The data section start
theorem theorem6:
  fixes lam :: real and V :: "'a::linorder set" and E :: "'a \<Rightarrow> 'a \<Rightarrow> bool"
  assumes "0 < lam" and "lam < 1"
    and "simple_graph V E" and "connected_graph V E"
  shows "(lam ^ card V - lam) / (lam - 1) \<le> min_exp_betw_centrality V E lam
    \<and> (\<forall>n::nat. n \<ge> 1 \<longrightarrow>
          exp_betw_centrality {0..<n} path_adj lam 0 = (lam ^ n - lam) / (lam - 1)
        \<and> min_exp_betw_centrality {0..<n} path_adj lam = (lam ^ n - lam) / (lam - 1))"
proof (intro conjI allI impI)
  have "finite V" "symp E" using assms(3) by (auto simp: simple_graph_def intro: sympI)
  then show "(lam ^ card V - lam) / (lam - 1) \<le> min_exp_betw_centrality V E lam"
    using assms(1,2,4) by (intro min_exp_betw_centrality_ge) auto
next
  fix n :: nat assume n: "n \<ge> 1"
  show c0: "exp_betw_centrality {0..<n} path_adj lam 0 = (lam ^ n - lam) / (lam - 1)"
    using exp_betw_centrality_path_0 assms(1,2) n by simp
  have "min_exp_betw_centrality {0..<n} path_adj lam \<le> exp_betw_centrality {0..<n} path_adj lam 0"
    unfolding min_exp_betw_centrality_def using n by (intro Min_le) auto
  moreover have "(lam ^ n - lam) / (lam - 1) \<le> min_exp_betw_centrality {0..<n} path_adj lam"
    using min_exp_betw_centrality_ge[OF _ assms(2) _ symp_path_adj connected_path[OF n]] assms(1)
    by simp
  ultimately show "min_exp_betw_centrality {0..<n} path_adj lam = (lam ^ n - lam) / (lam - 1)"
    using c0 by linarith
qed

end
The data section end
§ **Task goal**: The task requires an exact transcription of all the data.

§ **Response box**:
theorem theorem6:
  fixes lam :: real and V :: "'a::linorder set" and E :: "'a \<Rightarrow> 'a \<Rightarrow> bool"
  assumes "0 < lam" and "lam < 1"
    and "simple_graph V E" and "connected_graph V E"
  shows "(lam ^ card V - lam) / (lam - 1) \<le> min_exp_betw_centrality V E lam
    \<and> (\<forall>n::nat. n \<ge> 1 \<longrightarrow>
          exp_betw_centrality {0..<n} path_adj lam 0 = (lam ^ n - lam) / (lam - 1)
        \<and> min_exp_betw_centrality {0..<n} path_adj lam = (lam ^ n - lam) / (lam - 1))"
proof (intro conjI allI impI)
  have "finite V" "symp E" using assms(3) by (auto simp: simple_graph_def intro: sympI)
  then show "(lam ^ card V - lam) / (lam - 1) \<le> min_exp_betw_centrality V E lam"
    using assms(1,2,4) by (intro min_exp_betw_centrality_ge) auto
next
  fix n :: nat assume n: "n \<ge> 1"
  show c0: "exp_betw_centrality {0..<n} path_adj lam 0 = (lam ^ n - lam) / (lam - 1)"
    using exp_betw_centrality_path_0 assms(1,2) n by simp
  have "min_exp_betw_centrality {0..<n} path_adj lam \<le> exp_betw_centrality {0..<n} path_adj lam 0"
    unfolding min_exp_betw_centrality_def using n by (intro Min_le) auto
  moreover have "(lam ^ n - lam) / (lam - 1) \<le> min_exp_betw_centrality {0..<n} path_adj lam"
    using min_exp_betw_centrality_ge[OF _ assms(2) _ symp_path_adj connected_path[OF n]] assms(1)
    by simp
  ultimately show "min_exp_betw_centrality {0..<n} path_adj lam = (lam ^ n - lam) / (lam - 1)"
    using c0 by linarith
qed

end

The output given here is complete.